La prestación por Incapacidad Temporal (IT) es el subsidio que recibe el trabajador cuando por razón de enfermedad o accidente común o profesional se ve imposibilitado temporalmente para desempeñar su trabajo habitual. A partir del1 de septiembre de 2014, la gestión y control de la incapacidad temporal se regirá por el RD 625/2014, de 18 de julio. El nuevo real decreto introduce o mejora los mecanismos establecidos al objeto de aligerar los trámites y cargas burocráticas existentes en la actualidad. En este artículo se destacan los aspectos más relevantes de las novedades introducidas.

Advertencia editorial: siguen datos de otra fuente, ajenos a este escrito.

definition weighted_clone :: "'d wgt set \<Rightarrow> bool" where
  "weighted_clone \<Omega> \<longleftrightarrow>
     \<Omega> \<noteq> {} \<and> (\<forall>W\<in>\<Omega>. is_weighting W) \<and>
     (\<forall>W\<in>\<Omega>. \<forall>c::real. c \<ge> 0 \<longrightarrow> (fst W, \<lambda>f. c * snd W f) \<in> \<Omega>) \<and>
     (\<forall>W1\<in>\<Omega>. \<forall>W2\<in>\<Omega>. fst W1 = fst W2 \<longrightarrow> (fst W1, \<lambda>f. snd W1 f + snd W2 f) \<in> \<Omega>) \<and>
     (\<forall>W\<in>\<Omega>. \<forall>l gs. length gs = fst W \<and> (\<forall>g\<in>set gs. (l, g) \<in> supp_set \<Omega>) \<and>
         is_weighting (wsuperpos W l gs) \<longrightarrow> wsuperpos W l gs \<in> \<Omega>) \<and>
     (\<forall>k. closed {w. (k, w) \<in> \<Omega>})"

definition improves :: "'d wgt \<Rightarrow> 'd wrel \<Rightarrow> bool" where
  "improves W g \<longleftrightarrow> supp W \<subseteq> Pol {g} \<and>
     (\<forall>xs. length xs = fst W \<and> set xs \<subseteq> Feas g \<longrightarrow>
        (\<Sum>f\<in>{f. (fst W, f) \<in> supp W}. snd W f * real_of_ereal (snd g (apply_op f (fst g) xs))) \<le> 0)"

definition Imp :: "'d wgt set \<Rightarrow> 'd wrel set" where
  "Imp \<Omega> = {g. is_wrel g \<and> (\<forall>W\<in>\<Omega>. improves W g)}"

end

theory Submission
  imports Defs
begin

text \<open>The inclusion of the support in the polymorphisms of \<open>Imp \<Omega>\<close> is immediate from the
  definition of improvement.  Conversely, the support of a weighted clone is closed under
  superposition: if \<open>g\<close> has positive weight in \<open>W \<in> \<Omega>\<close> and \<open>h\<^sub>1, ..., h\<^sub>l\<close> lie in the
  support, then \<open>W[h\<^sub>1, ..., h\<^sub>l]\<close> can fail to be a weighting only through negative weight on
  those \<open>h\<^sub>i\<close> that are not projections; adding \<open>c \<cdot> M\<close> for some \<open>M \<in> \<Omega>\<close> positive on these
  \<open>h\<^sub>i\<close> and \<open>c\<close> large enough yields a member of \<open>\<Omega>\<close> giving \<open>g[h\<^sub>1, ..., h\<^sub>l]\<close> positive
  weight.  Hence the crisp relation whose tuples are the value tables, on all \<open>k\<close>-tuples, of the
  \<open>k\<close>-ary operations of the support is improved by \<open>\<Omega>\<close>; a \<open>k\<close>-ary polymorphism of it maps the
  tables of the projections to its own table, which is therefore the table of an operation
  of the support.\<close>

lemma proj_in_projs: "i < n \<Longrightarrow> proj n i \<in> projs n"
  unfolding projs_def by auto

lemma projs_subset_ops: "projs k \<subseteq> ops k"
  unfolding projs_def proj_def ops_def by auto

lemma ops_eq_PiE: "ops k = PiE {xs. length xs = k} (\<lambda>_. UNIV)"
  unfolding ops_def PiE_def extensional_def by auto

lemma finite_ops: "finite (ops k :: ('d::finite list \<Rightarrow> 'd) set)"
  using finite_lists_length_eq[of "UNIV :: 'd set" k] unfolding ops_eq_PiE by (simp add: finite_PiE)

lemma ops_eqI: "f \<in> ops k \<Longrightarrow> h \<in> ops k \<Longrightarrow> (\<And>xs. length xs = k \<Longrightarrow> f xs = h xs) \<Longrightarrow> f = h"
  unfolding ops_eq_PiE by (rule PiE_ext) auto

lemma superpos_in_ops: "superpos f k gs \<in> ops k"
  unfolding superpos_def ops_def by auto

lemma superpos_proj:
  assumes "i < length gs" "gs ! i \<in> ops k"
  shows "superpos (proj (length gs) i) k gs = gs ! i"
  using assms unfolding superpos_def proj_def ops_def by (auto intro!: ext)

lemma superpos_projs_right:
  assumes "f \<in> ops k"
  shows "superpos f k (map (proj k) [0..<k]) = f"
proof
  fix xs :: "'a list"
  show "superpos f k (map (proj k) [0..<k]) xs = f xs"
  proof (cases "length xs = k")
    case True
    then have "map (\<lambda>g. g xs) (map (proj k) [0..<k]) = xs"
      by (auto simp: proj_def intro: nth_equalityI)
    with True show ?thesis by (simp add: superpos_def)
  next
    case False
    with assms show ?thesis by (simp add: superpos_def ops_def)
  qed
qed

lemma superpos_superpos:
  "length gs = m \<Longrightarrow> superpos (superpos f m ps) k gs = superpos f k (map (\<lambda>p. superpos p k gs) ps)"
  unfolding superpos_def by (auto intro!: ext simp: comp_def)

lemma superpos_shifted_projs:
  assumes "length G = n" "a + l \<le> n" "set G \<subseteq> ops k"
  shows "map (\<lambda>p. superpos p k G) (map (\<lambda>i. proj n (a + i)) [0..<l]) = take l (drop a G)"
  using assms superpos_proj[of _ G k] by (auto intro!: nth_equalityI simp: subset_iff)

lemma weighting_arity_ge1: "is_weighting W \<Longrightarrow> 1 \<le> fst W"
  unfolding is_weighting_def Let_def by auto

lemma weighting_nonneg: "is_weighting W \<Longrightarrow> f \<notin> projs (fst W) \<Longrightarrow> 0 \<le> snd W f"
  unfolding is_weighting_def Let_def using not_le by blast

lemma weighting_vanishes: "is_weighting W \<Longrightarrow> f \<notin> ops (fst W) \<Longrightarrow> snd W f = 0"
  unfolding is_weighting_def Let_def by auto

lemma fst_wsuperpos [simp]: "fst (wsuperpos W l gs) = l"
  by (simp add: wsuperpos_def)

lemma wsuperpos_wsuperpos:
  fixes V :: "('d::finite) wgt"
  assumes "length gs = m"
  shows "snd (wsuperpos (wsuperpos V m ps) k gs) = snd (wsuperpos V k (map (\<lambda>p. superpos p k gs) ps))"
proof
  fix f'
  let ?h = "\<lambda>f. superpos f m ps"
  let ?S = "{f \<in> ops (fst V). superpos f k (map (\<lambda>p. superpos p k gs) ps) = f'}"
  let ?T = "{f \<in> ops m. superpos f k gs = f'}"
  have "finite ?S" "finite ?T"
    by (rule finite_subset[OF _ finite_ops], blast)+
  moreover have "?h ` ?S \<subseteq> ?T"
    using superpos_in_ops superpos_superpos[OF assms] by auto
  ultimately have "sum (snd V) ?S = (\<Sum>y\<in>?T. sum (snd V) {f \<in> ?S. ?h f = y})"
    by (rule sum.group[symmetric])
  also have "\<dots> = (\<Sum>y\<in>?T. sum (snd V) {f \<in> ops (fst V). ?h f = y})"
    using superpos_superpos[OF assms] by (intro sum.cong refl arg_cong[where f = "sum _"]) auto
  finally show "snd (wsuperpos (wsuperpos V m ps) k gs) f' =
      snd (wsuperpos V k (map (\<lambda>p. superpos p k gs) ps)) f'"
    by (simp add: wsuperpos_def)
qed

lemma wsuperpos_add_scaled:
  "wsuperpos (n, \<lambda>f. a f + c * b f) k G =
     (k, \<lambda>f'. snd (wsuperpos (n, a) k G) f' + c * snd (wsuperpos (n, b) k G) f')"
  by (simp add: wsuperpos_def sum.distrib sum_distrib_left)

lemma wsuperpos_projs_right:
  fixes M :: "'d wgt"
  assumes "is_weighting M"
  shows "snd (wsuperpos M (fst M) (map (proj (fst M)) [0..<fst M])) = snd M"
proof
  fix f' :: "'d list \<Rightarrow> 'd"
  have "{f \<in> ops (fst M). superpos f (fst M) (map (proj (fst M)) [0..<fst M]) = f'} =
      (if f' \<in> ops (fst M) then {f'} else {})"
    using superpos_projs_right by auto
  then show "snd (wsuperpos M (fst M) (map (proj (fst M)) [0..<fst M])) f' = snd M f'"
    using weighting_vanishes[OF assms] by (simp add: wsuperpos_def)
qed

lemma wsuperpos_shifted_projs:
  fixes W :: "('d::finite) wgt"
  assumes "length G = n" "a + fst W \<le> n" "set G \<subseteq> ops k"
  shows "snd (wsuperpos (wsuperpos W n (map (\<lambda>i. proj n (a + i)) [0..<fst W])) k G) =
         snd (wsuperpos W k (take (fst W) (drop a G)))"
  by (simp only: wsuperpos_wsuperpos[OF assms(1)] superpos_shifted_projs[OF assms])

text \<open>The total weight is preserved because superposition sends every operation to
  exactly one operation.\<close>

lemma is_weighting_wsuperposI:
  fixes V :: "('d::finite) wgt"
  assumes V: "is_weighting V" and k: "1 \<le> k"
    and nonneg: "\<And>f. f \<notin> projs k \<Longrightarrow> 0 \<le> snd (wsuperpos V k gs) f"
  shows "is_weighting (wsuperpos V k gs)"
proof -
  let ?h = "\<lambda>f. superpos f k gs"
  have "?h ` ops (fst V) \<subseteq> ops k"
    using superpos_in_ops by auto
  then have "sum (snd (wsuperpos V k gs)) (ops k) = sum (snd V) (ops (fst V))"
    unfolding wsuperpos_def by (simp add: sum.group[OF finite_ops finite_ops])
  also have "\<dots> = 0"
    using V unfolding is_weighting_def Let_def by simp
  finally have "sum (snd (wsuperpos V k gs)) (ops k) = 0" .
  moreover have "snd (wsuperpos V k gs) f = 0" if "f \<notin> ops k" for f
    using that superpos_in_ops by (auto simp: wsuperpos_def intro!: sum.neutral)
  ultimately show ?thesis
    using k nonneg unfolding is_weighting_def Let_def by (auto simp: not_le[symmetric])
qed

text \<open>Negative weight sits only on projections, and a projection is superposed to
  one of the arguments, so outside the arguments all contributions are nonnegative.\<close>

lemma wsuperpos_preimage_nonneg:
  assumes V: "is_weighting V" and len: "length gs = fst V" and gs: "set gs \<subseteq> ops k"
    and f': "f' \<notin> set gs" and f: "f \<in> ops (fst V)" "superpos f k gs = f'"
  shows "0 \<le> snd V f"
proof (rule ccontr)
  assume "\<not> 0 \<le> snd V f"
  then have "f \<in> projs (fst V)"
    using weighting_nonneg[OF V] by auto
  then obtain i where i: "i < length gs" "f = proj (length gs) i"
    using len unfolding projs_def by auto
  then have "superpos f k gs = gs ! i"
    using superpos_proj gs by (metis nth_mem subsetD)
  with f f' i show False
    by (metis nth_mem)
qed

lemma wsuperpos_nonneg:
  fixes V :: "('d::finite) wgt"
  assumes "is_weighting V" "length gs = fst V" "set gs \<subseteq> ops k" "f' \<notin> set gs"
  shows "0 \<le> snd (wsuperpos V k gs) f'"
  unfolding wsuperpos_def snd_conv
  by (rule sum_nonneg) (use wsuperpos_preimage_nonneg[OF assms] in blast)

lemma wsuperpos_ge_weight:
  fixes V :: "('d::finite) wgt"
  assumes "is_weighting V" "length gs = fst V" "set gs \<subseteq> ops k" "f' \<notin> set gs"
    and g: "g \<in> ops (fst V)" "superpos g k gs = f'"
  shows "snd V g \<le> snd (wsuperpos V k gs) f'"
proof -
  have "finite {f \<in> ops (fst V). superpos f k gs = f'}"
    by (rule finite_subset[OF _ finite_ops]) auto
  then show ?thesis
    unfolding wsuperpos_def snd_conv
    by (intro member_le_sum) (use g wsuperpos_preimage_nonneg[OF assms(1-4)] in auto)
qed

lemma is_weighting_wsuperpos_projs:
  fixes V :: "('d::finite) wgt"
  assumes "is_weighting V" "length gs = fst V" "set gs \<subseteq> projs k" "1 \<le> k"
  shows "is_weighting (wsuperpos V k gs)"
  using assms projs_subset_ops
  by (intro is_weighting_wsuperposI wsuperpos_nonneg) auto

lemma exists_scale_dominating:
  fixes a b :: "'a \<Rightarrow> real"
  assumes "finite S" and pos: "\<forall>s\<in>S. 0 < a s"
  shows "\<exists>c\<ge>0. \<forall>s\<in>S. b s < c * a s"
proof (intro exI conjI ballI)
  let ?c = "\<Sum>s\<in>S. (\<bar>b s\<bar> + 1) / a s"
  show "0 \<le> ?c"
    using pos by (intro sum_nonneg) auto
  fix s assume s: "s \<in> S"
  have "(\<bar>b s\<bar> + 1) / a s \<le> ?c"
    using s pos assms(1) by (intro member_le_sum) auto
  with s pos show "b s < ?c * a s"
    by (simp add: pos_divide_le_eq)
qed

lemma weighted_clone_weighting: "weighted_clone \<Omega> \<Longrightarrow> W \<in> \<Omega> \<Longrightarrow> is_weighting W"
  unfolding weighted_clone_def by blast

lemma weighted_clone_scale:
  "weighted_clone \<Omega> \<Longrightarrow> W \<in> \<Omega> \<Longrightarrow> 0 \<le> c \<Longrightarrow> (fst W, \<lambda>f. c * snd W f) \<in> \<Omega>"
  unfolding weighted_clone_def by blast

lemma weighted_clone_add:
  "weighted_clone \<Omega> \<Longrightarrow> W1 \<in> \<Omega> \<Longrightarrow> W2 \<in> \<Omega> \<Longrightarrow> fst W1 = fst W2 \<Longrightarrow>
    (fst W1, \<lambda>f. snd W1 f + snd W2 f) \<in> \<Omega>"
  unfolding weighted_clone_def by blast

lemma weighted_clone_wsuperpos:
  "weighted_clone \<Omega> \<Longrightarrow> W \<in> \<Omega> \<Longrightarrow> length gs = fst W \<Longrightarrow> \<forall>g\<in>set gs. (l, g) \<in> supp_set \<Omega> \<Longrightarrow>
    is_weighting (wsuperpos W l gs) \<Longrightarrow> wsuperpos W l gs \<in> \<Omega>"
  unfolding weighted_clone_def by blast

El RD 625/2014 sigue la recomendación 10 del Informe de Evaluación y Reforma del Pacto de Toledo en el que se considera, que deben potenciarse los procedimientos de colaboración y medidas de control por parte del Instituto Nacional de la Seguridad Social (en adelante INSS) y las mutuas de accidentes de trabajo y enfermedades profesionales de la Seguridad Social con respecto a los diferentes procesos de IT de los trabajadores del sistema de la Seguridad Social. Y regula el régimen que se aplicará durante los primeros 365 días, a los procesos de incapacidad temporal, en cualquiera de los regímenes del sistema de la Seguridad Social, tanto derivados de contingencias comunes como profesionales.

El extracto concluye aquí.